Uganda bandit Kony's inhumanity meets the Internet
Joseph Kony is living evidence of the heartening proposition that, thanks to the digital revolution, it's getting harder to perpetrate atrocities outside of public view.
The Ugandan bandit had largely faded from public consciousness until Monday, when a polished video about his Lord's Resistance Army and its atrocities was released by the advocacy group Invisible Children. It quickly went viral on the Internet, racking up 37 million YouTube views and igniting passionate anti-Kony feeling among young people.
Now practically everyone has been reminded that Kony has forced kidnapped children to fight or provide sex for his ragtag army. In 2005 the International Criminal Court issued a warrant for his arrest, and soldiers from several nations, advised by American special forces, are hunting for him even now.
It's great that attention has been focused on the horrors Kony has perpetrated -- and gratifying to think that such outrages can no longer as easily be carried out in secret. We hope the global focus will help bring him to justice, but whether it succeeds or not, at the very least it shows how social media and provocative video can focus attention on such wrongs.

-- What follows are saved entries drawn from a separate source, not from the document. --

(* Let $n\in\mathbb{N}$. Then $K_{n,n}$ contains the derived subgroup $[F,F]$ of $F$.
   Context: Thompson's group $F$ is the group of piecewise linear homeomorphisms of $[0,1]$ with finitely many dyadic breakpoints and slopes integer powers of $2$. An element $h\in F$ has the pair of branches $u\rightarrow v$ (for finite binary words $u,v$) if $h(.u\alpha)=.v\alpha$ for every infinite binary word $\alpha$. For $H\le F$ write $u\sim_H v$ if some $h\in H$ has the pair of branches $u\rightarrow v$. The closure $\mathrm{Cl}(H)$ is the subgroup of all $f\in F$ for which there is a finite subdivision of $[0,1]$ into intervals on each of which $f$ coincides with some element of $H$; $H$ is closed if $H=\mathrm{Cl}(H)$ (intersections of closed subgroups are closed). $K_{n,n}$ is the minimal closed subgroup $K$ of $F$ such that: (a) $0^k1\sim_K 0^{k+n}1$ for all $k\in\mathbb{N}$; (b) $1^k0\sim_K 1^{k+n}0$ for all $k\in\mathbb{N}$; (c) $0^k1\sim_K 1^{n+1-k}0$ for $1\le k\le n$; (d) $0^{2k}10\sim_K 1^{1+3(n-k)}0$ for $1\le k\le n$; (e) $0^{2k}11\sim_K 1^{2+3(n-k)}0$ for $1\le k\le n$; (f) $0^{2k-1}1\sim_K 1^{3(n-k+1)}0$ for $1\le k\le n$. *)

theory Defs
  imports "HOL-Analysis.Analysis"
begin

definition dyadic :: "real \<Rightarrow> bool" where
  "dyadic x \<longleftrightarrow> (\<exists>(a::int) (k::nat). x = of_int a / 2 ^ k)"

text \<open>Thompson's group F: piecewise linear homeomorphisms of [0,1] with finitely many
  dyadic breakpoints and slopes integer powers of 2.  Elements are represented as
  functions on the reals that are the identity outside [0,1], so that the group
  operation is function composition and the inverse is inv.\<close>
definition thompsonF :: "(real \<Rightarrow> real) set" where
  "thompsonF = {f. (\<forall>x. x \<notin> {0..1} \<longrightarrow> f x = x)
      \<and> (\<exists>g. homeomorphism {0..1} {0..1} f g)
      \<and> (\<exists>xs::real list. length xs \<ge> 2 \<and> hd xs = 0 \<and> last xs = 1
           \<and> sorted_wrt (<) xs \<and> (\<forall>x\<in>set xs. dyadic x)
           \<and> (\<forall>i. Suc i < length xs \<longrightarrow>
                 (\<exists>(m::int) (c::real). \<forall>x\<in>{xs ! i .. xs ! Suc i}.
                    f x = 2 powr (of_int m) * x + c)))}"

definition subgroupF :: "(real \<Rightarrow> real) set \<Rightarrow> bool" where
  "subgroupF H \<longleftrightarrow> H \<subseteq> thompsonF \<and> id \<in> H
      \<and> (\<forall>f\<in>H. \<forall>g\<in>H. f \<circ> g \<in> H) \<and> (\<forall>f\<in>H. inv f \<in> H)"

definition wval :: "(nat \<Rightarrow> bool) \<Rightarrow> real" where
  "wval s = (\<Sum>i. if s i then 1 / 2 ^ Suc i else 0)"

definition wcat :: "bool list \<Rightarrow> (nat \<Rightarrow> bool) \<Rightarrow> (nat \<Rightarrow> bool)" where
  "wcat u \<alpha> = (\<lambda>i. if i < length u then u ! i else \<alpha> (i - length u))"

definition has_branch :: "(real \<Rightarrow> real) \<Rightarrow> bool list \<Rightarrow> bool list \<Rightarrow> bool" where
  "has_branch h u v \<longleftrightarrow> (\<forall>\<alpha>. h (wval (wcat u \<alpha>)) = wval (wcat v \<alpha>))"

definition simH :: "(real \<Rightarrow> real) set \<Rightarrow> bool list \<Rightarrow> bool list \<Rightarrow> bool" where
  "simH H u v \<longleftrightarrow> (\<exists>h\<in>H. has_branch h u v)"

definition ClF :: "(real \<Rightarrow> real) set \<Rightarrow> (real \<Rightarrow> real) set" where
  "ClF H = {f\<in>thompsonF. \<exists>xs::real list. length xs \<ge> 2 \<and> hd xs = 0 \<and> last xs = 1
      \<and> sorted_wrt (<) xs
      \<and> (\<forall>i. Suc i < length xs \<longrightarrow>
            (\<exists>h\<in>H. \<forall>x\<in>{xs ! i .. xs ! Suc i}. f x = h x))}"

Abuses will still occur, of course; the Internet can't abolish evil. What's more, the viral documentary, titled "Kony 2012," leaves hard questions unanswered. It says little about whether or to what extent the U.S. or the rest of the world should intercede. Instead it urges people to agitate, put up posters and wear bracelets to keep the political pressure on President Barack Obama, who sent 100 American advisers to help in the hunt. (Kony has left Uganda, operating instead in Congo and neighboring countries.)
Foreign pressure may not bring Kony to justice, but the ubiquity of camera-equipped cellphones and digital sharing may give bad guys like him pause -- and empower their victims to better protect themselves.
Perhaps the Rwandan genocide, or the mass murders by the Nazis, will be just a little harder to replicate now that it's likelier somebody, somewhere, will be watching.